Week 1 Day 3 — DrugComb AML Subset ETL
Summary
Full ETL on the 1.4M-row DrugComb v1.5 summary table (summary_v_1_5.csv, 1.3 GB)
completed in ~6 seconds via 100K-row streaming chunks. Output is three
canonical tables that Week 3 will consume.
Key numbers
| Stage | Count |
|---|---|
| Total DrugComb rows scanned | 1,432,351 |
| Rows on AML cell lines (13 canonical lines) | 13,877 |
| True combination rows (drug1 ≠ drug2, both present) | 4,938 |
| Monotherapy rows (drug2 = nan) | 8,939 |
| Unique drug names in AML subset | 769 |
| Drug names aligned to BeatAML vocab | 88 (80 exact + 8 fuzzy) |
| Strict combo pairs (both drugs in BeatAML) | 186 |
| Loose combo pairs (≥1 drug in BeatAML) | 1,708 |
| Monotherapy rows with BeatAML drug | 1,603 |
Critical finding: combination data is ALMANAC-HL-60 only
The 186 strict pairs all live on a single cell line — HL-60 — and all come from the NCI ALMANAC screen. Other AML lines (MV4-11, MOLM-13, THP-1, etc.) appear in DrugComb but only as monotherapy screens from CTRPv2/GDSC1/FIMM/CCLE/gCSI.
Implications for Week 3
This constrains the combo predictor design. We cannot learn how patient biology modulates combination response from one cell line. The architecture must factor:
- Single-drug response
→from BeatAML (613 patients × 165 drugs, already trained in Baseline A) - Combo adjustment
→learned from ALMANAC-HL-60 (186 pairs) - Patient extrapolation
→mechanism prior + drug-drug interaction embedding
Revised factorization:
combo_pred(patient, d1, d2) = single_pred(patient, d1)
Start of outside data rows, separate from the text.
lemma prob_no_isolated_tendsto_0:
  assumes r: "(\<lambda>n. real (L n) / ln (real n)) \<longlonglongrightarrow> rho"
    and "0 < 1 + rho * ln (1 - mu1)" and "1 + rho * ln (mag_Gamma mu1 q False) < 0"
  shows "(\<lambda>n. prob_no_isolated mu1 q n (L n)) \<longlonglongrightarrow> 0"
proof -
  let ?c = "1 - mu1"
  have c: "0 < ?c" "?c \<le> 1"
    using mu1_bounds by auto
  \<comment> \<open>\<open>(1 - x) ^ n \<le> n * (1 - x) ^ (n - 1)\<close> reduces this to the estimate of the other regime\<close>
  have "(\<lambda>n. (1 - ?c ^ L n) ^ n) \<longlonglongrightarrow> 0"
  proof (rule tendsto_sandwich[where f = "\<lambda>_. 0"])
    show "\<forall>\<^sub>F n in sequentially. (1 - ?c ^ L n) ^ n \<le> real n * (1 - ?c ^ L n) ^ (n - 1)"
      using eventually_ge_at_top[of 1]
    proof eventually_elim
      case (elim n)
      have x: "0 \<le> 1 - ?c ^ L n" "1 - ?c ^ L n \<le> 1"
        using c by (auto intro: power_le_one)
      have "(1 - ?c ^ L n) ^ n = (1 - ?c ^ L n) * (1 - ?c ^ L n) ^ (n - 1)"
        using elim by (simp add: power_eq_if)
      also have "\<dots> \<le> real n * (1 - ?c ^ L n) ^ (n - 1)"
        using elim x by (intro mult_right_mono zero_le_power) auto
      finally show ?case .
    qed
  qed (use c mult_one_minus_power_tendsto_0[OF r c assms(2)] in \<open>simp_all add: power_le_one\<close>)
  then have bound: "(\<lambda>n. real n * mag_Gamma mu1 q False ^ L n + (1 - ?c ^ L n) ^ n) \<longlonglongrightarrow> 0"
    using tendsto_add[OF mult_power_tendsto_0[OF r _ assms(3)]] Gamma_bounds by simp
  show ?thesis
  proof (rule tendsto_sandwich[OF _ _ tendsto_const bound])
    show "\<forall>\<^sub>F n in sequentially. prob_no_isolated mu1 q n (L n)
        \<le> real n * mag_Gamma mu1 q False ^ L n + (1 - ?c ^ L n) ^ n"
      by (intro always_eventually allI prob_no_isolated_le)
  qed (simp add: prob_no_isolated_def)
qed

lemma prob_no_isolated_tendsto_1:
  assumes r: "(\<lambda>n. real (L n) / ln (real n)) \<longlonglongrightarrow> rho"
    and "mag_Gamma mu1 q False \<le> mag_Gamma mu1 q True" and "0 < 1 + rho * ln (mag_Gamma mu1 q False)"
  shows "(\<lambda>n. prob_no_isolated mu1 q n (L n)) \<longlonglongrightarrow> 1"
proof -
  let ?g = "mag_Gamma mu1 q False"
  have "(\<lambda>n. 1 - real n * (1 - ?g ^ L n) ^ (n - 1)) \<longlonglongrightarrow> 1 - 0"
    using Gamma_bounds[of False]
    by (intro tendsto_diff tendsto_const mult_one_minus_power_tendsto_0[OF r _ _ assms(3)]) auto
  then have bound: "(\<lambda>n. 1 - real n * (1 - ?g ^ L n) ^ (n - 1)) \<longlonglongrightarrow> 1"
    by simp
  show ?thesis
  proof (rule tendsto_sandwich[OF _ _ bound tendsto_const])
    show "\<forall>\<^sub>F n in sequentially. 1 - real n * (1 - ?g ^ L n) ^ (n - 1) \<le> prob_no_isolated mu1 q n (L n)"
      using assms(2) by (intro always_eventually allI prob_no_isolated_ge)
  qed (simp add: prob_no_isolated_def)
qed
(* Let $\{Y_i\}_{i\in\mathbb{Z}}$ be a strictly stationary homogeneous real-valued Markov process with transition probability function $P(\cdot;\cdot)$ and stationary distribution $\nu$, and let $X_i=H(Y_i)$ for a Borel function $H:\mathbb{R}\to\mathbb{R}$. Suppose there is a $\sigma$-finite measure $\mu$ with $\nu\ll\mu$ and $P(x;\cdot)\ll\mu$ for all $x$; write $f_0$ for the density of $\nu$ and $f_1(x,\cdot)$ for the density of $P(x;\cdot)$ with respect to $\mu$. Let $A=H^{-1}((-\infty,\xi_p])$ and suppose there exist Borel sets $A_1\subset A$, $A_2\subset A^c$ with $\mu(A_1)>0$, $\mu(A_2)>0$ such that $f_0(x)>0$ and $f_1(x,y)>0$ for all $x,y\in A_1\cup A_2$. Then, with $\mathcal C_0=\sigma(Y_i:i\ne0)$ and $G_0(\xi_p)=P(X_0\le\xi_p\mid\mathcal C_0)$, we have $P(G_0(\xi_p)=1)<p$; consequently, by stationarity, condition (C.5) holds with $\mathcal D_j=\sigma(Y_j)$ and $\mathcal C_j=\sigma(Y_i:i\ne j)$.
   Context: $F$ is the distribution function of $X_1$, $p\in(0,1)$, $\xi_p=\inf\{x:F(x)\ge p\}$, and $F(\xi_p)=p$. Condition (C.5): there exist $d\in(0,1)$ and sub-$\sigma$-fields $\mathcal C_i$ with $\sigma(\mathcal D_j:j\ne i)\cup\sigma(X_j:j\ne i)\subset\mathcal C_i$ and $P(G_i(\xi_p)=1)\le p-d$ for all $i\in\mathbb{Z}$, where $G_i(y)=P(X_i\le y\mid\mathcal C_i)$. *)

theory Defs
  imports "HOL-Probability.Probability"
begin

definition gen_sigma :: "'a measure \<Rightarrow> (int \<Rightarrow> 'a \<Rightarrow> real) \<Rightarrow> int set \<Rightarrow> 'a measure" where
  "gen_sigma M Y I = sigma (space M) {Y i -` B \<inter> space M | i B. i \<in> I \<and> B \<in> sets borel}"

definition strictly_stationary :: "'a measure \<Rightarrow> (int \<Rightarrow> 'a \<Rightarrow> real) \<Rightarrow> bool" where
  "strictly_stationary M Y \<longleftrightarrow>
     (\<forall>J k. finite J \<longrightarrow>
        distr M (PiM J (\<lambda>_. borel)) (\<lambda>\<omega>. \<lambda>j\<in>J. Y (j + k) \<omega>)
      = distr M (PiM J (\<lambda>_. borel)) (\<lambda>\<omega>. \<lambda>j\<in>J. Y j \<omega>))"

definition homogeneous_markov :: "'a measure \<Rightarrow> (int \<Rightarrow> 'a \<Rightarrow> real) \<Rightarrow> (real \<Rightarrow> real measure) \<Rightarrow> bool" where
  "homogeneous_markov M Y P \<longleftrightarrow>
     (\<forall>x. prob_space (P x) \<and> sets (P x) = sets borel) \<and>
     (\<forall>B\<in>sets borel. (\<lambda>x. measure (P x) B) \<in> borel_measurable borel) \<and>
     (\<forall>i. \<forall>B\<in>sets borel.
        AE \<omega> in M. real_cond_exp M (gen_sigma M Y {..i})
                      (indicator {\<omega>\<in>space M. Y (i + 1) \<omega> \<in> B}) \<omega>
                    = measure (P (Y i \<omega>)) B)"

definition Gcond :: "'a measure \<Rightarrow> (int \<Rightarrow> 'a \<Rightarrow> real) \<Rightarrow> (int \<Rightarrow> 'a measure) \<Rightarrow> int \<Rightarrow> real \<Rightarrow> 'a \<Rightarrow> real" where
  "Gcond M X C i y = real_cond_exp M (C i) (indicator {\<omega>\<in>space M. X i \<omega> \<le> y})"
+ single_pred(patient, d2)
+ combo_adjustment(d1, d2) ← ALMANAC-HL-60 residual
+ mechanism_prior(patient, d1, d2) ← knowledge-graph term
The HL-60 residual teaches pair chemistry; the mechanism prior + per-patient single-drug predictions carry the patient-personalization.
Outputs
data/canonical/
├── drugcomb_aml_pairs.csv # 186 strict pairs (both drugs in BeatAML)
├── drugcomb_aml_pairs_any_match.csv # 1,708 loose pairs (≥1 drug in BeatAML)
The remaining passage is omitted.